Which lines in the records below contain the word "cdot"? Copy each one out.
= Beginning of Section =
lemma b2_less_imp_exponent:
  assumes "admissible q \<alpha> d" "0 < q" "q < 1" "\<theta> < 1" "b2 \<theta> q \<alpha> d < c"
  obtains E where "0 < E" "E < DKL \<alpha> (exp (- d) + (1 - exp (- d)) * q)" "1 < (1 - \<theta>) * (c * d * E)"
proof -
  define K where "K = (1 - \<theta>) * c * d"
  define X where "X = DKL \<alpha> (exp (- d) + (1 - exp (- d)) * q)"
  have "1 < K * X"
    using assms(5) b2_less_iff[OF assms(1-4)] unfolding K_def X_def by (simp add: mult.assoc)
  moreover have "0 < X" using admissible_bounds[OF assms(1-3)] unfolding X_def by simp
  ultimately have K: "0 < K" using zero_less_mult_pos2[of K X] by simp
  then have "1 / K < X" using \<open>1 < K * X\<close> by (simp add: divide_less_eq mult.commute)
  define E where "E = (X + 1 / K) / 2"
  have "0 < E" "E < X" "1 < K * E"
    using K \<open>1 / K < X\<close> unfolding E_def by (auto simp: field_simps)
  moreover have "K * E = (1 - \<theta>) * (c * d * E)" unfolding K_def by (simp add: mult.assoc)
  ultimately show thesis using that[of E] unfolding X_def by simp
qed

lemma exists_admissible_b1_b2_less:
  assumes "0 < q" "q < 1" "0 < \<theta>" "\<theta> < 1" "0 < \<epsilon>" "(1 + \<epsilon>) * mCOMP_coeff \<theta> q < c"
  obtains \<alpha> d where "admissible q \<alpha> d" "b1 \<theta> q \<alpha> d < c" "b2 \<theta> q \<alpha> d < c"
proof -
  define X where "X = {max (b1 \<theta> q \<alpha> d) (b2 \<theta> q \<alpha> d) | \<alpha> d. admissible q \<alpha> d}"
  have "X \<noteq> {}" unfolding X_def using ex_admissible[OF assms(2) zero_less_one] by blast
  moreover have "0 \<le> x" if x: "x \<in> X" for x
  proof -
    obtain \<alpha> d where "admissible q \<alpha> d" "x = max (b1 \<theta> q \<alpha> d) (b2 \<theta> q \<alpha> d)"
      using x unfolding X_def by blast
    then show ?thesis using b1_pos[of q _ _ \<theta>] assms(1-4) by fastforce
  qed
  ultimately have "0 \<le> Inf X" by (rule cInf_greatest)
  moreover have "0 \<le> \<epsilon> * Inf X" using calculation assms(5) by simp
  ultimately have "Inf X \<le> (1 + \<epsilon>) * Inf X" by (simp add: distrib_right)
  also have "\<dots> < c" using assms(6) unfolding mCOMP_coeff_def X_def .
  finally have "Inf X < c" .
  then obtain x where "x \<in> X" "x < c" using cInf_lessD[OF \<open>X \<noteq> {}\<close>] by blast
  then show thesis using that unfolding X_def by auto
qed
lemma mod_add_left_cancel_nat: "((j::nat) + t) mod n = (j + t') mod n \<longleftrightarrow> t mod n = t' mod n"
  by (simp add: nat_mod_eq_iff)

lemma anticycle_consecutive:
  assumes "anticycle W H ws" "1 < length ws"
  shows "\<not> H (ws ! ((j + t) mod length ws)) (ws ! ((j + Suc t) mod length ws))"
proof -
  define n where "n = length ws"
  define i where "i = (j + t) mod n"
  have n: "1 < n"
    using assms(2) by (simp add: n_def)
  then have "i < n" "Suc i mod n < n"
    by (simp_all add: i_def)
  moreover have "i \<noteq> Suc i mod n"
  proof (cases "Suc i = n")
    case True
    then show ?thesis using n by simp
  next
    case False
    then show ?thesis using \<open>i < n\<close> by simp
  qed
  moreover have "(j + Suc t) mod n = Suc i mod n"
    by (simp add: i_def mod_Suc_eq)
  ultimately show ?thesis
    using assms(1) unfolding anticycle_def i_def n_def by auto
qed

lemma anticycle_far:
  assumes "anticycle W H ws" "Suc s < t" "t < length ws" "0 < s \<or> Suc t < length ws"
  shows "H (ws ! ((j + s) mod length ws)) (ws ! ((j + t) mod length ws))"
proof -
  define n where "n = length ws"
  define i1 i2 where "i1 = (j + s) mod n" and "i2 = (j + t) mod n"
  have n: "t < n" "0 < s \<or> Suc t < n"
    using assms(3,4) by (simp_all add: n_def)
  have "i1 < n" "i2 < n"
    using n(1) by (simp_all add: i1_def i2_def)
  moreover have "i1 \<noteq> i2"
    using assms(2) n(1) by (simp add: i1_def i2_def mod_add_left_cancel_nat)
  moreover have "i2 \<noteq> Suc i1 mod n"
    using mod_add_left_cancel_nat[of j t n "Suc s"] assms(2) n(1) by (simp add: i1_def i2_def mod_Suc_eq)
  moreover have "i1 \<noteq> Suc i2 mod n"
  proof (cases "Suc t < n")
    case True
    then show ?thesis
      using mod_add_left_cancel_nat[of j s n "Suc t"] assms(2) by (simp add: i1_def i2_def mod_Suc_eq)
  next
    case False
    then have "Suc t = n" using n(1) by simp
    then have "Suc i2 mod n = (j + 0) mod n"
      unfolding i2_def mod_Suc_eq by (metis add_0_right add_Suc_right mod_add_self2)
    then show ?thesis
      using mod_add_left_cancel_nat[of j s n 0] assms(2) n \<open>Suc t = n\<close> by (simp add: i1_def)
  qed
  ultimately show ?thesis
    using assms(1) unfolding anticycle_def i1_def i2_def n_def by blast
qed
lemma scaleC_minus_right: "a *\<^sub>C (- x) = - (a *\<^sub>C (x::'a::complex_vector))"
  using scaleC_add_right[of a x "- x"] by (simp add: eq_neg_iff_add_eq_0 add.commute)

lemma scaleC_diff_right: "a *\<^sub>C (x - y) = a *\<^sub>C x - a *\<^sub>C (y::'a::complex_vector)"
  by (simp only: diff_conv_add_uminus scaleC_add_right scaleC_minus_right)

lemma cinner_zero_left [simp]: "cinner 0 y = 0"
  using cinner_add_left[of 0 0 y] by simp

lemma cinner_zero_right [simp]: "cinner x 0 = 0"
  by (subst cinner_commute) simp

lemma cinner_add_right: "cinner x (y + z) = cinner x y + cinner x z"
  by (subst (1 2 3) cinner_commute) (simp add: cinner_add_left)

lemma cinner_scaleC_right: "cinner x (a *\<^sub>C y) = cnj a * cinner x y"
  by (subst (1 2) cinner_commute) (simp add: cinner_scaleC_left)

lemma cinner_minus_left: "cinner (- x) y = - cinner x y"
  using cinner_add_left[of x "- x" y] by (simp add: eq_neg_iff_add_eq_0 add.commute)

lemma cinner_diff_left: "cinner (x - y) z = cinner x z - cinner y z"
  by (simp only: diff_conv_add_uminus cinner_add_left cinner_minus_left)

lemma cinner_diff_right: "cinner x (y - z) = cinner x y - cinner x z"
  by (subst (1 2 3) cinner_commute) (simp add: cinner_diff_left)

lemma cinner_self_norm: "cinner x x = complex_of_real ((norm x)\<^sup>2)"
proof -
  have "Im (cinner x x) = 0"
    using arg_cong[OF cinner_commute[of x x], of Im] by simp
  thus ?thesis
    by (simp add: complex_eq_iff norm_eq_sqrt_cinner cinner_self_nonneg)
qed
lemma quadratic_form_minus_I_plus_J:
  fixes y :: "real vec"
  assumes y: "y \<in> carrier_vec m"
  shows "y \<bullet> (mat m m (\<lambda>(i, j). - c * (of_bool (i = j) + 1)) *\<^sub>v y) = - c * (y \<bullet> y + (\<Sum>i = 0..<m. y $ i)\<^sup>2)"
proof -
  let ?L = "mat m m (\<lambda>(i, j). - c * (of_bool (i = j) + 1))"
  let ?s = "\<Sum>j = 0..<m. y $ j"
  have Ly: "(?L *\<^sub>v y) $ i = - c * (y $ i + ?s)" if i: "i < m" for i
  proof -
    have "(?L *\<^sub>v y) $ i = (\<Sum>j = 0..<m. - c * (of_bool (i = j) + 1) * y $ j)"
      using i y by (simp add: scalar_prod_def)
    also have "\<dots> = (\<Sum>j = 0..<m. (if j = i then - c * y $ j else 0) - c * y $ j)"
      by (intro sum.cong) (auto simp: algebra_simps)
    also have "\<dots> = - c * (y $ i + ?s)"
      using i by (simp add: sum_subtractf sum_distrib_left sum_negf algebra_simps)
    finally show ?thesis .
  qed
  have "?L *\<^sub>v y = (- c) \<cdot>\<^sub>v (y + ?s \<cdot>\<^sub>v vec m (\<lambda>_. 1))"
  proof (rule eq_vecI)
    fix i assume "i < dim_vec ((- c) \<cdot>\<^sub>v (y + ?s \<cdot>\<^sub>v vec m (\<lambda>_. 1)))"
    then have i: "i < m" using y by simp
    show "(?L *\<^sub>v y) $ i = ((- c) \<cdot>\<^sub>v (y + ?s \<cdot>\<^sub>v vec m (\<lambda>_. 1))) $ i"
      unfolding Ly[OF i] using i y by simp
  qed (use y in simp)
  moreover have "y \<bullet> vec m (\<lambda>_. 1) = ?s" using y by (simp add: scalar_prod_def)
  ultimately show ?thesis
    using y by (simp add: scalar_prod_add_distrib[of _ m] power2_eq_square algebra_simps)
qed

theorem neg_inertia_pendant_blowup:
  assumes k: "2 \<le> k" and c: "0 < c"
    and T: "T \<in> carrier_mat (n + 1) (n + 1)" and symT: "transpose_mat T = T"
    and Tnn: "T $$ (n, n) = c - c / real k"
  shows "neg_inertia (pendant_blowup n k c T) = k - 1 + neg_inertia T"
proof -
  let ?S = "pendant_basis n k"
  let ?D = "pendant_blowup n k c T"
  let ?L = "mat (k - 1) (k - 1) (\<lambda>(i, j). - c * (of_bool (i = j) + 1))"
  have k0: "0 < k" using k by simp
  have S: "?S \<in> carrier_mat (n + k) (n + k)" unfolding pendant_basis_def by simp
  obtain R where R: "R \<in> carrier_mat (n + k) (n + k)" and SR: "?S * R = 1\<^sub>m (n + k)"
    using pendant_basis_right_inverse[OF k0] by blast
  have symL: "transpose_mat ?L = ?L" by (rule eq_matI) auto
  have negL: "y \<bullet> (?L *\<^sub>v y) < 0" if "y \<in> carrier_vec (k - 1)" "y \<noteq> 0\<^sub>v (k - 1)" for y
  proof -
    have "0 < y \<bullet> y" using conjugate_square_greater_0_vec[OF that(1)] that(2) by simp
    then show ?thesis unfolding quadratic_form_minus_I_plus_J[OF that(1)]
      using c by (simp add: add_pos_nonneg mult_neg_pos)
  qed
  have "neg_inertia ?D = neg_inertia (transpose_mat ?S * ?D * ?S)"
    using neg_inertia_congruence[OF pendant_blowup_carrier pendant_blowup_symmetric[OF T symT] S R SR] ..
  also have "\<dots> = neg_inertia T + neg_inertia ?L"
    unfolding pendant_blowup_congruence[OF k0 T Tnn]
    by (rule neg_inertia_block_diag[OF T symT]) (auto simp: symL)
  also have "neg_inertia ?L = k - 1"
    by (rule neg_inertia_negative_definite[OF _ symL negL]) auto
  finally show ?thesis by simp
qed

section \<open>Distances in a graph with pendant vertices\<close>

lemma is_walk_rev:
  assumes "is_walk N Adj xs" and sym: "\<And>a b. Adj a b \<Longrightarrow> Adj b a"
  shows "is_walk N Adj (rev xs)"
  unfolding is_walk_def
proof (intro conjI allI impI)
  show "rev xs \<noteq> []" and "set (rev xs) \<subseteq> {..<N}" using assms(1) unfolding is_walk_def by auto
  fix i assume i: "Suc i < length (rev xs)"
  then have "Adj (xs ! (length xs - Suc (Suc i))) (xs ! Suc (length xs - Suc (Suc i)))"
    using assms(1) unfolding is_walk_def by auto
  moreover have "Suc (length xs - Suc (Suc i)) = length xs - Suc i" using i by simp
  ultimately show "Adj (rev xs ! i) (rev xs ! Suc i)" using i sym by (simp add: rev_nth)
qed

lemma is_walk_snoc:
  assumes xs: "is_walk N Adj xs" and b: "Adj (last xs) b" "b < N"
  shows "is_walk N Adj (xs @ [b])"
  unfolding is_walk_def
proof (intro conjI allI impI)
  show "xs @ [b] \<noteq> []" and "set (xs @ [b]) \<subseteq> {..<N}" using xs b unfolding is_walk_def by auto
  fix i assume i: "Suc i < length (xs @ [b])"
  have ne: "xs \<noteq> []" using xs unfolding is_walk_def by auto
  show "Adj ((xs @ [b]) ! i) ((xs @ [b]) ! Suc i)"
  proof (cases "Suc i < length xs")
    case True
    then show ?thesis using xs unfolding is_walk_def by (auto simp: nth_append)
  next
    case False
    then have "Suc i = length xs" using i by simp
    moreover from this have "i = length xs - 1" by simp
    ultimately have "(xs @ [b]) ! i = last xs" and "(xs @ [b]) ! Suc i = b"
      using ne by (simp_all add: nth_append last_conv_nth)
    then show ?thesis using b by simp
  qed
qed

lemma is_walk_map:
  assumes "is_walk N1 Adj1 xs"
    and "\<And>a b. a < N1 \<Longrightarrow> b < N1 \<Longrightarrow> Adj1 a b \<Longrightarrow> Adj2 (f a) (f b)"
    and "\<And>a. a < N1 \<Longrightarrow> f a < N2"
  shows "is_walk N2 Adj2 (map f xs)"
  using assms unfolding is_walk_def by (auto simp: subset_iff)

lemma gdist_le_walk:
  assumes "is_walk N Adj xs" and "hd xs = u" and "last xs = v"
  shows "gdist N Adj u v \<le> length xs - 1"
proof -
  have "length xs = Suc (length xs - 1)" using assms(1) unfolding is_walk_def by auto
  then show ?thesis unfolding gdist_def using assms by (intro Least_le) blast
qed

lemma gdist_shortest_walk:
  assumes "is_walk N Adj xs" and "hd xs = u" and "last xs = v"
  obtains ys where "is_walk N Adj ys" "hd ys = u" "last ys = v" "length ys = Suc (gdist N Adj u v)"
proof -
  have "length xs = Suc (length xs - 1)" using assms(1) unfolding is_walk_def by auto
  then have "\<exists>l ys. is_walk N Adj ys \<and> hd ys = u \<and> last ys = v \<and> length ys = Suc l" using assms by blast
  then have "\<exists>ys. is_walk N Adj ys \<and> hd ys = u \<and> last ys = v \<and> length ys = Suc (gdist N Adj u v)"
    unfolding gdist_def by (rule LeastI_ex)
  then show ?thesis using that by blast
qed

lemma gdist_hom_le:
  assumes "is_walk N1 Adj1 xs" and "hd xs = u" and "last xs = v"
    and "\<And>a b. a < N1 \<Longrightarrow> b < N1 \<Longrightarrow> Adj1 a b \<Longrightarrow> Adj2 (f a) (f b)"
    and "\<And>a. a < N1 \<Longrightarrow> f a < N2"
  shows "gdist N2 Adj2 (f u) (f v) \<le> gdist N1 Adj1 u v"
proof -
  obtain ys where ys: "is_walk N1 Adj1 ys" "hd ys = u" "last ys = v" "length ys = Suc (gdist N1 Adj1 u v)"
    using gdist_shortest_walk[OF assms(1-3)] .
  have "ys \<noteq> []" using ys(1) unfolding is_walk_def by auto
  then have "gdist N2 Adj2 (f u) (f v) \<le> length (map f ys) - 1"
    using ys by (intro gdist_le_walk[OF is_walk_map[of N1 Adj1 ys Adj2 f N2, OF ys(1) assms(4,5)]])
      (auto simp: hd_map last_map)
  then show ?thesis using ys(4) by simp
qed

lemma gdist_sym:
  assumes sym: "\<And>a b. Adj a b \<Longrightarrow> Adj b a"
  shows "gdist N Adj u v = gdist N Adj v u"
proof -
  have rev: "\<exists>ys. is_walk N Adj ys \<and> hd ys = v \<and> last ys = u \<and> length ys = Suc l"
    if "is_walk N Adj xs" "hd xs = u" "last xs = v" "length xs = Suc l" for xs u v l
    using that is_walk_rev[OF that(1) sym] by (intro exI[of _ "rev xs"]) (auto simp: hd_rev last_rev)
  have "(\<exists>xs. is_walk N Adj xs \<and> hd xs = u \<and> last xs = v \<and> length xs = Suc l) \<longleftrightarrow>
        (\<exists>xs. is_walk N Adj xs \<and> hd xs = v \<and> last xs = u \<and> length xs = Suc l)" for l
    using rev by blast
  then show ?thesis unfolding gdist_def by simp
qed

lemma gdist_self: "u < N \<Longrightarrow> gdist N Adj u u = 0"
  using gdist_le_walk[of N Adj "[u]" u u] by (simp add: is_walk_def)

lemma gdist_eq_2:
  assumes "is_walk N Adj [u, x, v]" and "u \<noteq> v" and "\<not> Adj u v"
  shows "gdist N Adj u v = 2"
proof -
  have "gdist N Adj u v \<le> 2" using gdist_le_walk[OF assms(1), of u v] by simp
  moreover obtain ys where ys: "is_walk N Adj ys" "hd ys = u" "last ys = v" "length ys = Suc (gdist N Adj u v)"
    using gdist_shortest_walk[OF assms(1)] by auto
  have "gdist N Adj u v \<noteq> 0"
    using ys assms(2) by (metis One_nat_def hd_conv_nth last_conv_nth diff_Suc_1 length_greater_0_conv zero_less_Suc)
  moreover have "gdist N Adj u v \<noteq> 1"
  proof
    assume "gdist N Adj u v = 1"
    then obtain a b where "ys = [a, b]" using ys(4) by (auto simp: length_Suc_conv)
    then show False using ys(1-3) assms(3) unfolding is_walk_def by auto
  qed
  ultimately show ?thesis by linarith
qed

lemma add_pendants_sym:
  "simple_graph n Adj' \<Longrightarrow> add_pendants n Adj' w k a b \<Longrightarrow> add_pendants n Adj' w k b a"
  unfolding simple_graph_def add_pendants_def by blast

lemma is_walk_add_pendants:
  assumes "simple_graph n Adj'" and "is_walk n Adj' xs" and "n \<le> N"
  shows "is_walk N (add_pendants n Adj' w k) xs"
  using is_walk_map[OF assms(2), of "add_pendants n Adj' w k" id N] assms
  unfolding simple_graph_def add_pendants_def by auto

lemma add_pendants_walk_exists:
  assumes sg: "simple_graph n Adj'" and con: "connected_graph n Adj'" and w: "w < n"
    and u: "u < n" and v: "v < n + k"
  obtains xs where "is_walk (n + k) (add_pendants n Adj' w k) xs" "hd xs = u" "last xs = v"
proof (cases "v < n")
  case True
  then obtain xs where xs: "is_walk n Adj' xs" "hd xs = u" "last xs = v"
    using con u unfolding connected_graph_def by blast
  then show ?thesis using that[of xs] is_walk_add_pendants[OF sg xs(1), of "n + k" w k] by simp
next
  case False
  obtain xs where xs: "is_walk n Adj' xs" "hd xs = u" "last xs = w"
    using con u w unfolding connected_graph_def by blast
  then have "is_walk (n + k) (add_pendants n Adj' w k) (xs @ [v])"
    using False v by (intro is_walk_snoc is_walk_add_pendants[OF sg]) (auto simp: add_pendants_def)
  moreover have "xs \<noteq> []" using xs(1) unfolding is_walk_def by auto
  ultimately show ?thesis using that xs by auto
qed

text \<open>Collapsing all pendants onto the pendant \<open>n\<close> and re-expanding the pendant \<open>n\<close> as any
  fixed pendant are both graph homomorphisms, so distances from old vertices are unchanged.\<close>

lemma gdist_add_pendants_collapse:
  assumes sg: "simple_graph n Adj'" and con: "connected_graph n Adj'" and w: "w < n" and k: "0 < k"
    and u: "u < n" and v: "v < n + k"
  shows "gdist (n + k) (add_pendants n Adj' w k) u v = gdist (n + 1) (add_pendants n Adj' w k) u (min v n)"
proof -
  let ?G = "add_pendants n Adj' w k"
  define collapse where "collapse a = min a n" for a
  define expand where "expand a = (if a = n then max v n else a)" for a
  obtain xs where xs: "is_walk (n + k) ?G xs" "hd xs = u" "last xs = v"
    using add_pendants_walk_exists[OF sg con w u v] .
  have collapse_hom: "?G (collapse a) (collapse b)" if "a < n + k" "b < n + k" "?G a b" for a b
    using that w v unfolding collapse_def add_pendants_def by auto
  have expand_hom: "?G (expand a) (expand b)" if "a < n + 1" "b < n + 1" "?G a b" for a b
    using that w v unfolding expand_def add_pendants_def by auto
  have ne: "xs \<noteq> []" using xs(1) unfolding is_walk_def by auto
  have walk: "is_walk (n + 1) ?G (map collapse xs)"
    by (rule is_walk_map[of "n + k" ?G xs ?G collapse "n + 1", OF xs(1) collapse_hom]) (auto simp: collapse_def)
  have "gdist (n + 1) ?G (collapse u) (collapse v) \<le> gdist (n + k) ?G u v"
    by (rule gdist_hom_le[of "n + k" ?G xs u v ?G collapse "n + 1", OF xs collapse_hom]) (auto simp: collapse_def)
  moreover have "gdist (n + k) ?G (expand u) (expand (collapse v)) \<le> gdist (n + 1) ?G u (collapse v)"
    using ne xs u v k
    by (intro gdist_hom_le[of "n + 1" ?G "map collapse xs" u "collapse v" ?G expand "n + k", OF walk _ _ expand_hom])
      (auto simp: collapse_def expand_def hd_map last_map)
  moreover have "expand u = u" and "expand (collapse v) = v" and "collapse u = u"
    using u by (auto simp: expand_def collapse_def min_def max_def)
  ultimately show ?thesis unfolding collapse_def by simp
qed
= End of Section =
FINAL ANSWER =
  have "?L *\<^sub>v y = (- c) \<cdot>\<^sub>v (y + ?s \<cdot>\<^sub>v vec m (\<lambda>_. 1))"
    fix i assume "i < dim_vec ((- c) \<cdot>\<^sub>v (y + ?s \<cdot>\<^sub>v vec m (\<lambda>_. 1)))"
    show "(?L *\<^sub>v y) $ i = ((- c) \<cdot>\<^sub>v (y + ?s \<cdot>\<^sub>v vec m (\<lambda>_. 1))) $ i"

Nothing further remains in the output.